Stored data
text \<open>No continuity hypothesis is needed: by the compact-class property a decreasing sequence
  in \<open>A\<close> with empty intersection is eventually empty.\<close>

lemma prob_on_algebra_extension:
  fixes L :: "'a set \<Rightarrow> real"
  assumes L_nonneg: "\<And>S. S \<in> A \<Longrightarrow> 0 \<le> L S" and "L {} = 0" "L \<Omega> = 1"
    and L_add: "\<And>a b. a \<in> A \<Longrightarrow> b \<in> A \<Longrightarrow> a \<inter> b = {} \<Longrightarrow> L (a \<union> b) = L a + L b"
  obtains \<nu> where "prob_on_algebra \<nu>" "\<And>S. S \<in> A \<Longrightarrow> measure \<nu> S = L S"
proof -
  define f where "f S = ennreal (L S)" for S
  have "positive A f" "additive A f"
    using \<open>L {} = 0\<close> L_add L_nonneg by (auto simp: positive_def additive_def f_def)
  moreover have "(\<lambda>i. f (C i)) \<longlonglongrightarrow> 0"
    if C: "range C \<subseteq> A" "decseq C" "(\<Inter>i. C i) = {}" for C
  proof -
    obtain N where "C N = {}" using compact_class[OF C] by blast
    then have "C n = {}" if "n \<ge> N" for n using \<open>decseq C\<close> that by (auto simp: decseq_def)
    then show ?thesis
      using \<open>L {} = 0\<close> by (intro tendsto_eventually eventually_sequentiallyI[of N]) (simp add: f_def)
  qed
  ultimately obtain \<mu> where \<mu>: "\<And>S. S \<in> A \<Longrightarrow> \<mu> S = f S" "measure_space \<Omega> (sigma_sets \<Omega> A) \<mu>"
    using caratheodory_empty_continuous[of f] by (auto simp: f_def)
  define \<nu> where "\<nu> = measure_of \<Omega> A \<mu>"
  have sets_\<nu>: "sets \<nu> = sigma_sets \<Omega> A" and space_\<nu>: "space \<nu> = \<Omega>"
    unfolding \<nu>_def using space_closed by simp_all
  have emeasure_\<nu>: "emeasure \<nu> S = ennreal (L S)" if "S \<in> A" for S
    using \<mu> that emeasure_measure_of[OF \<nu>_def space_closed, of S] sets_\<nu>
    by (auto simp: measure_space_def f_def)
  have "prob_space \<nu>"
    by (intro prob_spaceI) (simp add: space_\<nu> emeasure_\<nu>[OF top] \<open>L \<Omega> = 1\<close>)
  then show ?thesis
    using that sets_\<nu> space_\<nu> emeasure_\<nu> L_nonneg
    by (auto simp: prob_on_algebra_def measure_def)
qed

— ASSIGNMENT —
The data is to be reproduced in full, every line intact.

— RESPONSE TO THIS TASK —
text \<open>No continuity hypothesis is needed: by the compact-class property a decreasing sequence
  in \<open>A\<close> with empty intersection is eventually empty.\<close>

lemma prob_on_algebra_extension:
  fixes L :: "'a set \<Rightarrow> real"
  assumes L_nonneg: "\<And>S. S \<in> A \<Longrightarrow> 0 \<le> L S" and "L {} = 0" "L \<Omega> = 1"
    and L_add: "\<And>a b. a \<in> A \<Longrightarrow> b \<in> A \<Longrightarrow> a \<inter> b = {} \<Longrightarrow> L (a \<union> b) = L a + L b"
  obtains \<nu> where "prob_on_algebra \<nu>" "\<And>S. S \<in> A \<Longrightarrow> measure \<nu> S = L S"
proof -
  define f where "f S = ennreal (L S)" for S
  have "positive A f" "additive A f"
    using \<open>L {} = 0\<close> L_add L_nonneg by (auto simp: positive_def additive_def f_def)
  moreover have "(\<lambda>i. f (C i)) \<longlonglongrightarrow> 0"
    if C: "range C \<subseteq> A" "decseq C" "(\<Inter>i. C i) = {}" for C
  proof -
    obtain N where "C N = {}" using compact_class[OF C] by blast
    then have "C n = {}" if "n \<ge> N" for n using \<open>decseq C\<close> that by (auto simp: decseq_def)
    then show ?thesis
      using \<open>L {} = 0\<close> by (intro tendsto_eventually eventually_sequentiallyI[of N]) (simp add: f_def)
  qed
  ultimately obtain \<mu> where \<mu>: "\<And>S. S \<in> A \<Longrightarrow> \<mu> S = f S" "measure_space \<Omega> (sigma_sets \<Omega> A) \<mu>"
    using caratheodory_empty_continuous[of f] by (auto simp: f_def)
  define \<nu> where "\<nu> = measure_of \<Omega> A \<mu>"
  have sets_\<nu>: "sets \<nu> = sigma_sets \<Omega> A" and space_\<nu>: "space \<nu> = \<Omega>"
    unfolding \<nu>_def using space_closed by simp_all
  have emeasure_\<nu>: "emeasure \<nu> S = ennreal (L S)" if "S \<in> A" for S
    using \<mu> that emeasure_measure_of[OF \<nu>_def space_closed, of S] sets_\<nu>
    by (auto simp: measure_space_def f_def)
  have "prob_space \<nu>"
    by (intro prob_spaceI) (simp add: space_\<nu> emeasure_\<nu>[OF top] \<open>L \<Omega> = 1\<close>)
  then show ?thesis
    using that sets_\<nu> space_\<nu> emeasure_\<nu> L_nonneg
    by (auto simp: prob_on_algebra_def measure_def)
qed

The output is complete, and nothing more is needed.